“This is the 13th day of my participation in the Gwen Challenge.

The model evaluation mainly used R-squared (R2 in statistics), ADj. R-squared (Adjusted R2), and P-value. R-squared and ADj. R-squared are used to measure the merits of linear fitting, and p-value is used to measure the significance of characteristic variables.

Programming implementation of model evaluation

R-squared and ADj. R-squared range from 0 to 1. The closer their values are to 1, the higher the fitting degree of the model will be. The p-value is a probability value in essence, and its value range is also 0 ~ 1. The closer the p-value is to 0, the higher the significance of the characteristic variable is, that is, the characteristic variable is really correlated with the target variable.

In Python, you can calculate these three parameters with the following code.

import statsmodels.api as sm
X2 = sm.add_constant(X)
est = sm.OLS(Y,X2).fit()
print(est.summary())
Copy the code

Line 1 introduces the Statsmodels library, abbreviated sm, for evaluating linear regression models.

The second line of code uses add_constant() to add a constant term to the original characteristic variable X and assign it to X2, so that the constant term in y = ax+b is the intercept b. Note that the SciKit-Learn library does not require this step.

Line 3 sets up linear regression equations for Y and X2 using OLS() and FIT () functions.

Line 4 prints out the data information for the model, as shown in the figure below.

In the figure above, the coef in the lower left corner is the coefficient before the constant term (const) and the characteristic variable (length of service), namely the intercept B and the slope coefficient A. It can be seen that the results are consistent with those obtained before.

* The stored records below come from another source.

text \<open>Let \<open>f k = frac (sqrt 2 * 2^k)\<close>, the number with binary expansion \<open>0.b\<^sub>k\<^sub>+\<^sub>1 b\<^sub>k\<^sub>+\<^sub>2 \<dots>\<close>.
  For \<open>P = 2^k\<close>, \<open>s = \<lfloor>sqrt 2 * P\<rfloor>\<close> and \<open>x = 2P - s\<close> one has \<open>L (k + 2) x = \<lfloor>4P - s^2 / P\<rfloor>\<close>,
  which equals \<open>2P\<close> as soon as \<open>2P^2 - s^2 < P\<close>; this holds whenever \<open>f k < sqrt 2 / 4\<close>.
  A zero digit \<open>b\<^sub>k\<^sub>+\<^sub>1\<close> followed by 0, 100 or 1010 (a good zero) forces \<open>f k < 11/32 < sqrt 2 / 4\<close>,
  so \<open>k + 2\<close> is undesirable. Every other zero starts 011 or 01011; discharging three units from
  each of them onto the following ones, no one receiving more than two, shows that there are
  at most \<open>2/3\<close> as many such zeros as ones. Hence \<open>5 |Z(b\<^sup>(\<^sup>N\<^sup>))| \<le> 3 d\<^sub>N + 2N + O(1)\<close>, and dividing
  by \<open>N\<close> gives both bounds.\<close>

lemma sum_shift_le: "(\<Sum>i<M. f (i + k)) \<le> (\<Sum>i<M + k. f i)"
  for f :: "nat \<Rightarrow> nat"
proof -
  have "(\<Sum>i<M. f (i + k)) = (\<Sum>i\<in>{k..<M + k}. f i)"
    using sum.shift_bounds_nat_ivl[of f 0 k M] by (simp add: atLeast0LessThan)
  also have "\<dots> \<le> (\<Sum>i<M + k. f i)" by (rule sum_mono2) auto
  finally show ?thesis .
qed

lemma sum_le_shift:
  fixes f :: "nat \<Rightarrow> nat"
  assumes "\<And>i. f i \<le> c"
  shows "(\<Sum>i<M. f i) \<le> k * c + (\<Sum>i<M. f (i + k))"
proof -
  have "(\<Sum>i<M. f i) \<le> (\<Sum>i<M + k. f i)" by (rule sum_mono2) auto
  also have "\<dots> = (\<Sum>i<k. f i) + (\<Sum>i<M. f (i + k))"
    using sum.atLeastLessThan_concat[of 0 k "M + k" f] sum.shift_bounds_nat_ivl[of f 0 k M]
    by (simp add: atLeast0LessThan)
  also have "(\<Sum>i<k. f i) \<le> k * c" using sum_bounded_above[of "{..<k}" f c] assms by simp
  finally show ?thesis by simp
qed

fun occurs_at :: "nat list \<Rightarrow> (nat \<Rightarrow> nat) \<Rightarrow> nat \<Rightarrow> bool" where
  "occurs_at [] b i \<longleftrightarrow> True"
| "occurs_at (x # w) b i \<longleftrightarrow> b i = x \<and> occurs_at w b (Suc i)"

definition good_zero :: "(nat \<Rightarrow> nat) \<Rightarrow> nat \<Rightarrow> bool" where
  "good_zero b i \<longleftrightarrow> occurs_at [0, 0] b i \<or> occurs_at [0, 1, 0, 0] b i \<or> occurs_at [0, 1, 0, 1, 0] b i"

definition bad_zero :: "(nat \<Rightarrow> nat) \<Rightarrow> nat \<Rightarrow> bool" where
  "bad_zero b i \<longleftrightarrow> occurs_at [0, 1, 1] b i \<or> occurs_at [0, 1, 0, 1, 1] b i"

lemma good_zero_iff:
  assumes bits: "\<And>i. b i = 0 \<or> b i = 1"
  shows "good_zero b i \<longleftrightarrow> b i = 0 \<and> \<not> bad_zero b i"
  using bits[of "Suc i"] bits[of "Suc (Suc i)"] bits[of "Suc (Suc (Suc i))"]
    bits[of "Suc (Suc (Suc (Suc i)))"]
  unfolding good_zero_def bad_zero_def by (elim disjE) auto

text \<open>Discharging: a bad zero at \<open>j\<close> sends two units to the one at \<open>j + 1\<close> and a third
  unit to the one at \<open>j + 2\<close> (pattern 011) or \<open>j + 4\<close> (pattern 01011). No one receives more
  than two units.\<close>

lemma bad_zero_charge:
  "2 * of_bool (bad_zero b (m + 3)) + of_bool (occurs_at [0, 1, 1] b (m + 2))
      + of_bool (occurs_at [0, 1, 0, 1, 1] b m) \<le> (2 * of_bool (b (m + 4) = 1) :: nat)"
proof -
  have "b (m + 3) = 0 \<and> b (m + 4) = 1" if "bad_zero b (m + 3)"
    using that by (auto simp: bad_zero_def numeral_eq_Suc)
  moreover have "b (m + 3) = 1 \<and> b (m + 4) = 1" if "occurs_at [0, 1, 1] b (m + 2)"
    using that by (simp add: numeral_eq_Suc)
  moreover have "b (m + 3) = 1 \<and> b (m + 4) = 1" if "occurs_at [0, 1, 0, 1, 1] b m"
    using that by (simp add: numeral_eq_Suc)
  ultimately show ?thesis by (cases "bad_zero b (m + 3)") (auto simp del: occurs_at.simps)
qed

lemma bad_zeros_le_ones:
  "3 * (\<Sum>i<M. of_bool (bad_zero b i)) \<le> 8 + 2 * (\<Sum>i<M + 4. of_bool (b i = 1) :: nat)"
proof -
  define bad where "bad i = (of_bool (bad_zero b i) :: nat)" for i
  define A where "A i = (of_bool (occurs_at [0, 1, 1] b i) :: nat)" for i
  define B where "B i = (of_bool (occurs_at [0, 1, 0, 1, 1] b i) :: nat)" for i
  have "bad i = A i + B i" for i
    by (auto simp: bad_def A_def B_def bad_zero_def)
  then have "3 * (\<Sum>i<M. bad i) = 2 * (\<Sum>i<M. bad i) + (\<Sum>i<M. A i) + (\<Sum>i<M. B i)"
    by (simp add: sum.distrib)
  also have "\<dots> \<le> (6 + 2 * (\<Sum>i<M. bad (i + 3))) + (2 + (\<Sum>i<M. A (i + 2))) + (\<Sum>i<M. B i)"
  proof -
    have "bad i \<le> 1" "A i \<le> 1" for i by (simp_all add: bad_def A_def)
    then show ?thesis using sum_le_shift[of bad 1 M 3] sum_le_shift[of A 1 M 2] by simp
  qed
  also have "\<dots> = 8 + (\<Sum>i<M. 2 * bad (i + 3) + A (i + 2) + B i)"
    by (simp add: sum.distrib sum_distrib_left)
  also have "(\<Sum>i<M. 2 * bad (i + 3) + A (i + 2) + B i) \<le> (\<Sum>i<M. 2 * of_bool (b (i + 4) = 1))"
    unfolding bad_def A_def B_def by (intro sum_mono bad_zero_charge)
  also have "\<dots> = 2 * (\<Sum>i<M. of_bool (b (i + 4) = 1))"
    by (simp only: sum_distrib_left)
  also have "\<dots> \<le> 2 * (\<Sum>i<M + 4. of_bool (b i = 1))"
    by (intro mult_left_mono sum_shift_le) simp
  finally show ?thesis by (simp only: bad_def)
qed

lemma zeros_le_good_zeros:
  assumes bits: "\<And>i. b i = 0 \<or> b i = 1"
  shows "5 * (\<Sum>i<M. of_bool (b i = 0)) \<le> 3 * (\<Sum>i<M. of_bool (good_zero b i)) + 2 * M + (16 :: nat)"
proof -
  define Z where "Z K = (\<Sum>i<K. of_bool (b i = 0) :: nat)" for K
  define Ones where "Ones = (\<Sum>i<M + 4. of_bool (b i = 1) :: nat)"
  define G where "G = (\<Sum>i<M. of_bool (good_zero b i) :: nat)"
  define B where "B = (\<Sum>i<M. of_bool (bad_zero b i) :: nat)"
  have "Z M = G + B"
  proof -
    have "of_bool (b i = 0) = of_bool (good_zero b i) + (of_bool (bad_zero b i) :: nat)" for i
      using good_zero_iff[of b i, OF bits] by (auto simp: bad_zero_def)
    then show ?thesis unfolding Z_def G_def B_def by (simp only: sum.distrib)
  qed
  moreover have "3 * B \<le> 8 + 2 * Ones"
    unfolding B_def Ones_def by (rule bad_zeros_le_ones)
  moreover have "Ones + Z (M + 4) = M + 4"
  proof -
    have "of_bool (b i = 1) + of_bool (b i = 0) = (1 :: nat)" for i
      using bits[of i] by auto
    then have "Ones + Z (M + 4) = (\<Sum>i<M + 4. 1 :: nat)"
      unfolding Ones_def Z_def sum.distrib[symmetric] by simp
    then show ?thesis by simp
  qed
  moreover have "Z M \<le> Z (M + 4)"
    unfolding Z_def by (rule sum_mono2) auto
  ultimately have "5 * Z M \<le> 3 * G + 2 * M + 16" by linarith
  then show ?thesis by (simp only: Z_def G_def)
qed

lemma binary_tail_lt_of_good_zero:
  fixes g :: "nat \<Rightarrow> real"
  assumes tail: "\<And>j. g j = (real (b (Suc j)) + g (Suc j)) / 2"
    and range: "\<And>j. 0 \<le> g j \<and> g j < 1"
    and "good_zero b (Suc k)"
  shows "g k < 11 / 32"
  \<comment> \<open>the three patterns give the bounds 1/4, 5/16 and 11/32\<close>
  using \<open>good_zero b (Suc k)\<close> tail[of k] tail[of "k + 1"] tail[of "k + 2"] tail[of "k + 3"]
    tail[of "k + 4"] range[of "k + 2"] range[of "k + 4"] range[of "k + 5"]
  unfolding good_zero_def by (auto simp: numeral_eq_Suc)

lemma frac_double: "frac x = (of_int (\<lfloor>2 * x\<rfloor> mod 2) + frac (2 * x)) / 2"
  for x :: real
proof -
  have "\<lfloor>2 * x\<rfloor> = 2 * \<lfloor>x\<rfloor> + (if frac x < 1/2 then 0 else 1)"
    using frac_lt_1[of x] frac_ge_0[of x]
    by (intro floor_unique) (auto simp: frac_def)
  then show ?thesis
    by (auto simp: frac_def)
qed

definition sqrt2_frac :: "nat \<Rightarrow> real" where
  "sqrt2_frac k = frac (sqrt 2 * 2 ^ k)"

lemma sqrt2_frac_digit: "sqrt2_frac k = (real (sqrt2_digit (Suc k)) + sqrt2_frac (Suc k)) / 2"
proof -
  define x where "x = sqrt 2 * 2 ^ k"
  have "\<lfloor>2 * x\<rfloor> \<ge> 0" by (simp add: x_def)
  then have "real (sqrt2_digit (Suc k)) = of_int (\<lfloor>2 * x\<rfloor> mod 2)"
    by (simp add: sqrt2_digit_def x_def nat_mod_distrib mult.commute mult.left_commute flip: of_nat_nat)
  then show ?thesis
    using frac_double[of x] by (simp add: sqrt2_frac_def x_def mult.commute mult.left_commute)
qed

lemma sqrt2_digit_cases: "sqrt2_digit i = 0 \<or> sqrt2_digit i = 1"
proof -
  have "sqrt2_digit i < 2" by (simp add: sqrt2_digit_def)
  then show ?thesis by linarith
qed

lemma sqrt2_digit_0: "sqrt2_digit 0 = 1"
proof -
  have "\<lfloor>sqrt 2\<rfloor> = 1" by (intro floor_unique) (auto simp: sqrt2_less_2)
  then show ?thesis by (simp add: sqrt2_digit_def)
qed

lemma sqrt2_frac_small_imp_undesirable:
  assumes small: "sqrt2_frac k < sqrt 2 / 4"
  shows "undesirable (k + 2)"
proof -
  define P :: real where "P = 2 ^ k"
  define t where "t = sqrt 2 * P"
  define s where "s = \<lfloor>t\<rfloor>"
  have "P > 0" by (simp add: P_def)
  have t_sq: "t\<^sup>2 = 2 * P\<^sup>2" by (simp add: t_def power_mult_distrib)
  have "0 \<le> s" by (simp add: s_def t_def P_def)
  have "s \<le> t" by (simp add: s_def)
  have "s < 2 * 2 ^ k"
  proof -
    have "t < 2 * P" using sqrt2_less_2 \<open>P > 0\<close> by (simp add: t_def)
    then show ?thesis by (simp add: s_def floor_less_iff P_def)
  qed
  have s_sq_le: "s\<^sup>2 \<le> t\<^sup>2" using \<open>0 \<le> s\<close> \<open>s \<le> t\<close> by (simp add: power_mono)
  have s_sq_gt: "t\<^sup>2 - P < s\<^sup>2"
  proof -
    have "t\<^sup>2 - s\<^sup>2 = (t - s) * (t + s)" by (simp add: power2_eq_square algebra_simps)
    also have "\<dots> \<le> (t - s) * (2 * t)" using \<open>s \<le> t\<close> by (intro mult_left_mono) auto
    also have "\<dots> = 2 * sqrt 2 * P * sqrt2_frac k"
      by (simp add: sqrt2_frac_def frac_def s_def t_def P_def)
    also have "\<dots> < 2 * sqrt 2 * P * (sqrt 2 / 4)"
      using small \<open>P > 0\<close> by (intro mult_strict_left_mono) auto
    also have "\<dots> = P" by simp
    finally show ?thesis by simp
  qed
  define x where "x = nat (2 * 2 ^ k - s)"
  have x_real: "real x = 2 * P - s" using \<open>s < 2 * 2 ^ k\<close> by (simp add: x_def P_def)
  have "x \<in> {1..2 ^ (k + 2) - 1}"
    using \<open>0 \<le> s\<close> \<open>s < 2 * 2 ^ k\<close> by (auto simp: x_def nat_le_iff power_add)
  moreover have "L_fun (k + 2) x = 2 ^ (k + 2 - 1)"
  proof -
    have "L_fun (k + 2) x = \<lfloor>4 * P - s\<^sup>2 / P\<rfloor>"
      using \<open>P > 0\<close> by (simp add: L_fun_def x_real P_def power_add field_simps power2_eq_square)
    also have "\<dots> = 2 * 2 ^ k"
      using s_sq_le s_sq_gt \<open>P > 0\<close> unfolding t_sq
      by (intro floor_unique) (auto simp: P_def field_simps power2_eq_square)
    finally show ?thesis by simp
  qed
  ultimately show ?thesis by (auto simp: undesirable_def)
qed

lemma sqrt2_good_zero_imp_undesirable:
  assumes "good_zero sqrt2_digit i"
  shows "undesirable (Suc i)"
proof -
  obtain k where k: "i = Suc k"
    using assms sqrt2_digit_0 by (cases i) (auto simp: good_zero_def)
  have "sqrt2_frac k < 11 / 32"
    using assms unfolding k
    by (intro binary_tail_lt_of_good_zero[where b = sqrt2_digit] sqrt2_frac_digit)
      (simp_all add: sqrt2_frac_def frac_lt_1)
  also have "11 / 32 < sqrt 2 / 4"
    using real_less_rsqrt[of "11 / 8" 2] by (simp add: power2_eq_square)
  finally show ?thesis
    using sqrt2_frac_small_imp_undesirable k by simp
qed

For model evaluation, it is usually necessary to care about r-squared, ADj. R-squared and p-value information in the figure above. R-squared is 0.855, adj. R-squared is 0.854, indicating that the model has a high degree of linear fitting. Here there are two p-values, the constant term (const) and the characteristic variable (length of service), both of which are approximately equal to 0. Therefore, both variables are significantly correlated with the target variable (salary), that is, they are really correlated and not caused by chance.

Another way to get the value of R-squared

Above is the introduction of Statsmodels library to evaluate the linear regression model, so is there a more general method to obtain r-Squared value?

XGBoost and LightGBM models were used for regression analysis, so a more general method to obtain r-squared value was needed, the code is as follows.

from sklearn.metrics import r2_score
r2 = r2_score(Y,regr.predict(X))
Copy the code

In line 2, Y is the actual value and regr.predict (X) is the predicted value. The printed R2 result is 0.855, which is consistent with the estimate obtained using the Statsmodels library.

This article demonstrates how to use Python programming to calculate r-squared values, ADj. R-squared values, and p-values. Later articles will explain these concepts from a mathematical perspective.